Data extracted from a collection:
++++++++
lemma geom_seq_ratio:
  assumes a: "\<alpha> > 1"
  shows "(\<lambda>j. real (geom_seq \<alpha> j) / \<alpha>^j) \<longlonglongrightarrow> 1"
proof (rule real_tendsto_sandwich)
  have "(\<lambda>j. 1 - (1/\<alpha>)^j) \<longlonglongrightarrow> 1 - 0"
    using a by (intro tendsto_diff tendsto_const LIMSEQ_power_zero) auto
  then show "(\<lambda>j. 1 - (1/\<alpha>)^j) \<longlonglongrightarrow> 1" by simp
  show "\<forall>\<^sub>F j in sequentially. 1 - (1/\<alpha>)^j \<le> real (geom_seq \<alpha> j) / \<alpha>^j"
  proof (intro always_eventually allI)
    fix j
    have p: "\<alpha>^j > 0" using a by auto
    have "1 - (1/\<alpha>)^j = (\<alpha>^j - 1)/\<alpha>^j" using p a by (simp add: power_divide diff_divide_distrib)
    also have "\<dots> \<le> real (geom_seq \<alpha> j) / \<alpha>^j"
      using p geom_seq_bounds(3)[OF a] by (intro divide_right_mono) auto
    finally show "1 - (1/\<alpha>)^j \<le> real (geom_seq \<alpha> j) / \<alpha>^j" .
  qed
  show "\<forall>\<^sub>F j in sequentially. real (geom_seq \<alpha> j) / \<alpha>^j \<le> 1"
    using geom_seq_bounds(2)[OF a] a by (intro always_eventually allI) (simp add: divide_le_eq_1)
qed (rule tendsto_const)

lemma geom_seq_lim:
  assumes a: "\<alpha> > 1"
  shows "filterlim (geom_seq \<alpha>) at_top sequentially"
    "(\<lambda>j. real (geom_seq \<alpha> (Suc j)) / real (geom_seq \<alpha> j)) \<longlonglongrightarrow> \<alpha>"
proof -
  have "filterlim (\<lambda>j. \<alpha>^j) at_top sequentially"
    using a by (intro filterlim_at_infinity_imp_filterlim_at_top filterlim_realpow_sequentially_gt1) auto
  then have ev: "eventually (\<lambda>j. c \<le> \<alpha>^j) sequentially" for c unfolding filterlim_at_top by auto
  show "filterlim (geom_seq \<alpha>) at_top sequentially" unfolding filterlim_at_top
  proof
    fix c :: nat
    show "eventually (\<lambda>j. c \<le> geom_seq \<alpha> j) sequentially"
    proof (rule eventually_mono[OF ev[of "2 * real c"]])
      fix j assume "2 * real c \<le> \<alpha>^j"
      then have "real c \<le> real (geom_seq \<alpha> j)" using geom_seq_bounds(4)[OF a, of j] by linarith
      then show "c \<le> geom_seq \<alpha> j" by simp
    qed
  qed
  have r: "(\<lambda>j. real (geom_seq \<alpha> (Suc j)) / \<alpha>^(Suc j) * \<alpha> / (real (geom_seq \<alpha> j) / \<alpha>^j)) \<longlonglongrightarrow> 1 * \<alpha> / 1"
    by (intro tendsto_divide tendsto_mult geom_seq_ratio[OF a, THEN LIMSEQ_Suc] geom_seq_ratio[OF a] tendsto_const) auto
  have "(\<lambda>j. real (geom_seq \<alpha> (Suc j)) / \<alpha>^(Suc j) * \<alpha> / (real (geom_seq \<alpha> j) / \<alpha>^j))
      = (\<lambda>j. real (geom_seq \<alpha> (Suc j)) / real (geom_seq \<alpha> j))"
  proof
    fix j show "real (geom_seq \<alpha> (Suc j)) / \<alpha>^(Suc j) * \<alpha> / (real (geom_seq \<alpha> j) / \<alpha>^j)
      = real (geom_seq \<alpha> (Suc j)) / real (geom_seq \<alpha> j)"
      using geom_seq_bounds(1)[OF a, of j] a by (simp add: field_simps)
  qed
  with r show "(\<lambda>j. real (geom_seq \<alpha> (Suc j)) / real (geom_seq \<alpha> j)) \<longlonglongrightarrow> \<alpha>" by simp
qed
definition frobenius_norm :: "nat \<Rightarrow> nat \<Rightarrow> (nat \<Rightarrow> nat \<Rightarrow> real) \<Rightarrow> real" where
  "frobenius_norm m n A = sqrt (\<Sum>i<m. \<Sum>j<n. (A i j)\<^sup>2)"

lemma frobenius_norm_nonneg: "frobenius_norm m n A \<ge> 0"
  by (simp add: frobenius_norm_def sum_nonneg)

lemma frobenius_norm_eq_sqrt_sum_entries:
  "frobenius_norm m n A = sqrt (\<Sum>e\<in>{..<m} \<times> {..<n}. ((\<lambda>(i, j). A i j) e)\<^sup>2)"
  by (simp add: frobenius_norm_def sum.cartesian_product case_prod_beta)

lemma frobenius_norm_le_mat_lq_norm:
  assumes "1 \<le> q" and "q \<le> 2"
  shows "frobenius_norm m n A \<le> mat_lq_norm q m n A"
  unfolding frobenius_norm_eq_sqrt_sum_entries mat_lq_norm_def
  using assms by (intro sqrt_sum_squares_le_lq_norm) auto

lemma frobenius_norm_le_card_powr_mat_lq_norm:
  assumes "2 \<le> q"
  shows "frobenius_norm m n A \<le> real (m * n) powr (lip_exponent q / 2) * mat_lq_norm q m n A"
  unfolding frobenius_norm_eq_sqrt_sum_entries mat_lq_norm_def
  using sqrt_sum_squares_le_card_powr_lq_norm[OF _ assms, of "{..<m} \<times> {..<n}"]
  by (simp add: card_cartesian_product)

lemma l2norm_mono:
  assumes "\<And>i. i < m \<Longrightarrow> \<bar>u i\<bar> \<le> \<bar>v i\<bar>"
  shows "l2norm m u \<le> l2norm m v"
  unfolding l2norm_def using assms
  by (intro real_sqrt_le_mono sum_mono) (simp add: abs_le_square_iff)

lemma l2norm_matrix_vector_le:
  "l2norm m (\<lambda>i. \<Sum>j<n. A i j * d j) \<le> frobenius_norm m n A * l2norm n d"
proof -
  have "(\<Sum>i<m. (\<Sum>j<n. A i j * d j)\<^sup>2) \<le> (\<Sum>i<m. (\<Sum>j<n. (A i j)\<^sup>2) * (\<Sum>j<n. (d j)\<^sup>2))"
    by (intro sum_mono Cauchy_Schwarz_ineq_sum)
  then have "sqrt (\<Sum>i<m. (\<Sum>j<n. A i j * d j)\<^sup>2) \<le> sqrt ((\<Sum>i<m. \<Sum>j<n. (A i j)\<^sup>2) * (\<Sum>j<n. (d j)\<^sup>2))"
    by (simp add: sum_distrib_right)
  then show ?thesis
    by (simp add: l2norm_def frobenius_norm_def real_sqrt_mult)
qed

lemma abs_relu_diff_le: "\<bar>relu s - relu t\<bar> \<le> \<bar>s - t\<bar>"
  unfolding relu_def by linarith

lemma affine_map_diff:
  assumes "i < m"
  shows "affine_map A v n m x i - affine_map A v n m y i = (\<Sum>j<n. A i j * (x j - y j))"
  using assms by (simp add: affine_map_def right_diff_distrib sum_subtractf)
(* Let $n\ge 1$ be an integer and let $x$ be an integer with $0\le x\le n-1$ such that there exists a positive divisor $h$ of $x$ with $(2x+1)\mid(2n-2h+1)$. Then $F_{n,n-x}=1$.
   Context: Define maps $G,S:\mathbb Z^2\to\mathbb Z^2$ by $G(x,y)=(x+y,y)$ and $S(x,y)=(3x-2y+1,\,2x-y+1)$. Define the array $(F_{n,k})_{n,k\ge 0}$ by $F_{0,0}=1$ and, for $(n,k)\neq(0,0)$, $F_{n,k}$ is the number of finite words $w=w_1w_2\cdots w_m$ ($m\ge 0$) over the alphabet $\{G,S\}$ with $w_1\circ w_2\circ\cdots\circ w_m(1,1)=(n,k)$ (the empty word acts as the identity). Equivalently: start with all entries $0$, set $F_{0,0}=1$ and $F_{1,1}=1$, and thereafter, whenever an entry $F_{n,k}$ with $n\ge 1$ changes its value, increase $F_{n+k,k}$ and $F_{3n+1-2k,\,2n+1-k}$ by $1$. Every positive integer divides $0$. *)

theory Defs
  imports Main
begin

datatype gs = Gm | Sm

fun gs_app :: "gs \<Rightarrow> int \<times> int \<Rightarrow> int \<times> int" where
  "gs_app Gm (x, y) = (x + y, y)"
| "gs_app Sm (x, y) = (3*x - 2*y + 1, 2*x - y + 1)"

definition act :: "gs list \<Rightarrow> int \<times> int \<Rightarrow> int \<times> int" where
  "act w p = foldr gs_app w p"

definition F :: "nat \<Rightarrow> nat \<Rightarrow> nat" where
  "F n k = (if n = 0 \<and> k = 0 then 1
            else card {w. act w (1, 1) = (int n, int k)})"

end

theory Submission
  imports Defs
begin

text \<open>
  Both maps send the cone \<open>1 \<le> y \<le> x\<close> into itself, and on it they are injective with
  disjoint images (\<open>G\<close>-images satisfy \<open>x \<ge> 2y\<close>, \<open>S\<close>-images \<open>x < 2y\<close>), so distinct
  words send \<open>(1, 1)\<close> to distinct points and every \<open>F\<^sub>n\<^sub>,\<^sub>k\<close> is at most \<open>1\<close>.
  Writing \<open>x = k h\<close> and \<open>n = x + h + (2x + 1) m\<close>, which the divisibility hypothesis
  allows, the word \<open>S\<^sup>m G\<^sup>k S\<^sup>h\<^sup>-\<^sup>1\<close> sends \<open>(1, 1)\<close> to \<open>(h, h)\<close>, then to \<open>((k + 1) h, h)\<close>,
  and finally to \<open>(n, n - x)\<close>, since \<open>S\<close> adds \<open>2(x - y) + 1\<close> to both coordinates.
\<close>

lemma act_Nil [simp]: "act [] p = p"
  by (simp add: act_def)

lemma act_Cons [simp]: "act (a # w) p = gs_app a (act w p)"
  by (simp add: act_def)

lemma act_append: "act (u @ v) p = act u (act v p)"
  by (simp add: act_def)

lemma gs_app_maps_cone:
  assumes "1 \<le> y" "y \<le> x"
  shows "1 \<le> snd (gs_app a (x, y)) \<and> snd (gs_app a (x, y)) \<le> fst (gs_app a (x, y))
    \<and> 2 \<le> fst (gs_app a (x, y))"
  using assms by (cases a) auto

lemma act_base_in_cone:
  "1 \<le> snd (act w (1, 1)) \<and> snd (act w (1, 1)) \<le> fst (act w (1, 1))"
proof (induction w)
  case (Cons a w)
  then show ?case
    using gs_app_maps_cone[of "snd (act w (1, 1))" "fst (act w (1, 1))" a] by simp
qed simp

lemma act_base_eq_base_iff: "act w (1, 1) = (1, 1) \<longleftrightarrow> w = []"
proof (cases w)
  case (Cons a v)
  then show ?thesis
    using act_base_in_cone[of v] gs_app_maps_cone[of "snd (act v (1, 1))" "fst (act v (1, 1))" a]
    by (cases "gs_app a (act v (1, 1))") auto
qed simp

lemma gs_app_inj_on_cone:
  assumes "1 \<le> snd p" "snd p \<le> fst p" "1 \<le> snd q" "snd q \<le> fst q"
    and "gs_app a p = gs_app b q"
  shows "a = b \<and> p = q"
  using assms by (cases p; cases q; cases a; cases b) auto

lemma inj_act_base: "inj (\<lambda>w. act w (1, 1))"
proof (rule injI)
  show "w = w'" if "act w (1, 1) = act w' (1, 1)" for w w'
    using that
  proof (induction w arbitrary: w')
    case Nil
    then show ?case
      using act_base_eq_base_iff[of w'] by simp
  next
    case (Cons a w)
    show ?case
    proof (cases w')
      case Nil
      with Cons.prems show ?thesis
        using act_base_eq_base_iff[of "a # w"] by simp
    next
      case (Cons b v)
      with Cons.prems have "gs_app a (act w (1, 1)) = gs_app b (act v (1, 1))"
        by simp
      then have "a = b \<and> act w (1, 1) = act v (1, 1)"
        using gs_app_inj_on_cone act_base_in_cone[of w] act_base_in_cone[of v] by blast
      with Cons.IH Cons show ?thesis by auto
    qed
  qed
qed

lemma F_eq_1_if_reachable:
  assumes "act w (1, 1) = (int n, int k)"
  shows "F n k = 1"
proof -
  have "{w'. act w' (1, 1) = (int n, int k)} = {w}"
    using assms injD[OF inj_act_base] by fastforce
  then show ?thesis
    unfolding F_def by simp
qed

lemma act_replicate_Sm:
  "act (replicate m Sm) (X, Y) = (X + int m * (2 * (X - Y) + 1), Y + int m * (2 * (X - Y) + 1))"
  by (induction m) (auto simp: algebra_simps)

lemma act_replicate_Gm: "act (replicate k Gm) (c, c) = ((1 + int k) * c, c)"
  by (induction k) (auto simp: algebra_simps)

lemma act_SGS_base:
  assumes "h > 0"
  shows "act (replicate m Sm @ replicate k Gm @ replicate (h - 1) Sm) (1, 1)
    = (int (k * h + h + (2 * k * h + 1) * m), int (h + (2 * k * h + 1) * m))"
proof -
  have "act (replicate (h - 1) Sm) (1, 1) = (int h, int h)"
    using assms act_replicate_Sm[of "h - 1" 1 1] by simp
  then show ?thesis
    by (simp add: act_append act_replicate_Gm act_replicate_Sm algebra_simps)
qed

lemma odd_dvd_double_imp_dvd:
  fixes d t :: int
  assumes "odd d" "d dvd 2 * t"
  shows "d dvd t"
  using assms by (metis coprime_dvd_mult_right_iff coprime_right_2_iff_odd)

lemma target_decomposition:
  fixes n x h :: nat
  assumes "x < n" "h \<le> x" "(2 * int x + 1) dvd (2 * int n - 2 * int h + 1)"
  obtains m where "n = x + h + (2 * x + 1) * m"
proof -
  have "2 * int n - 2 * int h + 1 = 2 * (int n - int x - int h) + (2 * int x + 1)"
    by simp
  with assms(3) have "(2 * int x + 1) dvd 2 * (int n - int x - int h)"
    by (metis dvd_add_left_iff dvd_refl)
  then have "(2 * int x + 1) dvd int n - int x - int h"
    by (rule odd_dvd_double_imp_dvd[rotated]) simp
  then obtain q where q: "int n - int x - int h = (2 * int x + 1) * q" ..
  have "(2 * int x + 1) * (-1) < (2 * int x + 1) * q"
    using assms(1,2) unfolding q[symmetric] by simp
  then have "q \<ge> 0"
    by (simp only: mult_less_cancel_left) linarith
  then obtain m where "q = int m"
    using nonneg_int_cases by blast
  with q have "int n = int (x + h + (2 * x + 1) * m)"
    by (simp add: algebra_simps)
  then have "n = x + h + (2 * x + 1) * m"
    by (rule of_nat_eq_iff[THEN iffD1])
  then show thesis ..
qed

theorem theorem9:
  fixes n x :: nat
  assumes "n \<ge> 1" and "x \<le> n - 1"
    and "\<exists>h::nat. h > 0 \<and> h dvd x \<and> (2 * int x + 1) dvd (2 * int n - 2 * int h + 1)"
  shows "F n (n - x) = 1"
proof -
  have "x < n"
    using assms(1,2) by linarith
  obtain h k m where hkm: "h > 0" "x = k * h" "n = x + h + (2 * x + 1) * m"
  proof (cases "x = 0")
    case True
    with \<open>x < n\<close> show thesis
      using that[of 1 0 "n - 1"] by simp
  next
    case False
    from assms(3) obtain h where h: "h > 0" "h dvd x"
      "(2 * int x + 1) dvd (2 * int n - 2 * int h + 1)" by blast
    with False have "h \<le> x"
      by (simp add: dvd_imp_le)
    with h \<open>x < n\<close> obtain m where "n = x + h + (2 * x + 1) * m"
      by (blast elim: target_decomposition)
    with h that show thesis
      by (auto elim!: dvdE simp: mult.commute)
  qed
  have "act (replicate m Sm @ replicate k Gm @ replicate (h - 1) Sm) (1, 1)
      = (int n, int (n - x))"
    unfolding act_SGS_base[OF \<open>h > 0\<close>] using hkm by (simp add: algebra_simps)
  then show ?thesis
    by (rule F_eq_1_if_reachable)
qed

end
++++++++
Taking the records above, retype every line from the one with "A \<le> real" down to the one with "by (intro sum_mono", exactly and with nothing else.

COMPLETED EXERCISE:
  shows "frobenius_norm m n A \<le> real (m * n) powr (lip_exponent q / 2) * mat_lq_norm q m n A"
  unfolding frobenius_norm_eq_sqrt_sum_entries mat_lq_norm_def
  using sqrt_sum_squares_le_card_powr_lq_norm[OF _ assms, of "{..<m} \<times> {..<n}"]
  by (simp add: card_cartesian_product)

lemma l2norm_mono:
  assumes "\<And>i. i < m \<Longrightarrow> \<bar>u i\<bar> \<le> \<bar>v i\<bar>"
  shows "l2norm m u \<le> l2norm m v"
  unfolding l2norm_def using assms
  by (intro real_sqrt_le_mono sum_mono) (simp add: abs_le_square_iff)

lemma l2norm_matrix_vector_le:
  "l2norm m (\<lambda>i. \<Sum>j<n. A i j * d j) \<le> frobenius_norm m n A * l2norm n d"
proof -
  have "(\<Sum>i<m. (\<Sum>j<n. A i j * d j)\<^sup>2) \<le> (\<Sum>i<m. (\<Sum>j<n. (A i j)\<^sup>2) * (\<Sum>j<n. (d j)\<^sup>2))"
    by (intro sum_mono Cauchy_Schwarz_ineq_sum)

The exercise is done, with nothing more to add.